Saved data entries ::
section \<open>The inverse demand\<close>

lemma demand_assmsD:
  assumes "demand_assms p"
  shows demand_continuous: "continuous_on {0..} p"
    and demand_antimono: "antimono_on {0..} p"
  using assms by (auto simp: demand_assms_def monotone_on_def)

lemma antimono_flat_between:
  fixes p :: "real \<Rightarrow> real"
  assumes anti: "antimono_on {0..} p"
    and "0 \<le> a" "a \<le> t" "t \<le> b" "p a = p b"
  shows "p t = p a"
proof -
  have "p t \<le> p a" using monotone_onD[OF anti, of a t] assms(2,3) by simp
  moreover have "p b \<le> p t" using monotone_onD[OF anti, of t b] assms(2-4) by simp
  ultimately show ?thesis using assms(5) by simp
qed

lemma continuous_on_right_shift:
  fixes p :: "real \<Rightarrow> real"
  assumes "continuous_on {0..} p" "0 \<le> a"
  shows "((\<lambda>t. p (a + t)) \<longlongrightarrow> p a) (at_right 0)"
proof -
  have "(p \<longlongrightarrow> p a) (at a within {0..})" using assms by (simp add: continuous_on_def)
  then have "(p \<longlongrightarrow> p a) (at_right a)"
    by (rule tendsto_within_subset) (use assms in auto)
  then have "filterlim p (nhds (p a)) (filtermap (\<lambda>x. x + a) (at_right 0))"
    by (simp add: at_right_to_0[symmetric])
  then show ?thesis by (simp add: filterlim_filtermap add.commute)
qed

lemma integral_split_at:
  fixes p :: "real \<Rightarrow> real"
  assumes "continuous_on {0..} p" "0 \<le> a" "a \<le> b"
  shows "integral {0..b} p = integral {0..a} p + integral {a..b} p"
proof -
  have "p integrable_on {0..b}"
    by (rule integrable_continuous_interval, rule continuous_on_subset[OF assms(1)]) auto
  with assms show ?thesis by (simp add: Henstock_Kurzweil_Integration.integral_combine)
qed

lemma integral_ge_right_price:
  fixes p :: "real \<Rightarrow> real"
  assumes cont: "continuous_on {0..} p" and anti: "antimono_on {0..} p"
    and "0 \<le> a" "a \<le> b"
  shows "(b - a) * p b \<le> integral {a..b} p"
proof -
  have "p integrable_on {a..b}"
    by (rule integrable_continuous_interval, rule continuous_on_subset[OF cont]) (use assms in auto)
  moreover have "p b \<le> p t" if "t \<in> {a..b}" for t
    using monotone_onD[OF anti, of t b] that assms by simp
  ultimately have "integral {a..b} (\<lambda>_. p b) \<le> integral {a..b} p"
    by (intro integral_le) auto
  then show ?thesis using assms by simp
qed

lemma integral_flat_increment:
  fixes p :: "real \<Rightarrow> real"
  assumes cont: "continuous_on {0..} p" and "0 \<le> a" "a \<le> b"
    and flat: "\<And>t. a \<le> t \<Longrightarrow> t \<le> b \<Longrightarrow> p t = c"
  shows "integral {0..b} p - integral {0..a} p = (b - a) * c"
proof -
  have "integral {a..b} p = integral {a..b} (\<lambda>_. c)"
    by (rule integral_cong) (use flat in auto)
  then show ?thesis using integral_split_at[OF assms(1-3)] assms(3) by simp
qed

lemma lderiv_eq: "has_left_deriv f x D \<Longrightarrow> lderiv f x = D"
  unfolding has_left_deriv_def lderiv_def by (rule tendsto_Lim) simp

lemma rderiv_eq: "has_right_deriv f x D \<Longrightarrow> rderiv f x = D"
  unfolding has_right_deriv_def rderiv_def by (rule tendsto_Lim) simp

lemma one_sided_derivs_imp_deriv:
  assumes "has_left_deriv f x D" "has_right_deriv f x D"
  shows "(f has_real_derivative D) (at x)"
  using assms unfolding DERIV_def filterlim_at_split has_left_deriv_def has_right_deriv_def
  by simp

lemma convex_antimono_one_sided_derivs:
  fixes p :: "real \<Rightarrow> real"
  assumes cvx: "convex_on {0..} p" and anti: "antimono_on {0..} p"
    and X: "0 < X" and DL: "has_left_deriv p X DL" and DR: "has_right_deriv p X DR"
  shows "DL \<le> DR" and "DR \<le> 0"
proof -
  have DLt: "((\<lambda>h. (p (X + h) - p X) / h) \<longlongrightarrow> DL) (at_left 0)"
    using DL by (simp add: has_left_deriv_def)
  have DRt: "((\<lambda>h. (p (X + h) - p X) / h) \<longlongrightarrow> DR) (at_right 0)"
    using DR by (simp add: has_right_deriv_def)
  show "DR \<le> 0"
  proof (rule tendsto_upperbound[OF DRt])
    show "\<forall>\<^sub>F h in at_right 0. (p (X + h) - p X) / h \<le> 0"
      unfolding eventually_at_right_field
    proof (intro exI[of _ 1] conjI allI impI)
      fix h :: real assume "0 < h" "h < 1"
      then have "p (X + h) \<le> p X" using monotone_onD[OF anti, of X "X+h"] X by simp
      then show "(p (X + h) - p X) / h \<le> 0" using \<open>0 < h\<close> by (simp add: divide_le_0_iff)
    qed simp
  qed simp
  have DL_le_quot: "DL \<le> (p (X + k) - p X) / k" if k: "0 < k" for k
  proof (rule tendsto_upperbound[OF DLt])
    show "\<forall>\<^sub>F h in at_left 0. (p (X + h) - p X) / h \<le> (p (X + k) - p X) / k"
      unfolding eventually_at_left_field
    proof (intro exI[of _ "-X"] conjI allI impI)
      fix h :: real assume h: "-X < h" "h < 0"
      have "(p X - p (X + h)) / (X - (X + h)) \<le> (p (X + k) - p X) / ((X + k) - X)"
        by (rule slope_mono[OF cvx]) (use h k in auto)
      moreover have "(p X - p (X + h)) / (X - (X + h)) = (p (X + h) - p X) / h"
        by (smt (verit) minus_divide_divide minus_diff_eq)
      ultimately show "(p (X + h) - p X) / h \<le> (p (X + k) - p X) / k" by simp
    qed (use X in auto)
  qed simp
  have "\<forall>\<^sub>F k in at_right 0. DL \<le> (p (X + k) - p X) / k"
    using eventually_at_right_less[of "0::real"] by eventually_elim (rule DL_le_quot)
  then show "DL \<le> DR" by (rule tendsto_lowerbound[OF DRt]) simp
qed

WHAT YOU ARE ASKED TO DO :: Looking at the data above, report how many of its lines include the word "intro". The number alone is the answer.

EXPECTED OUTPUT :: 3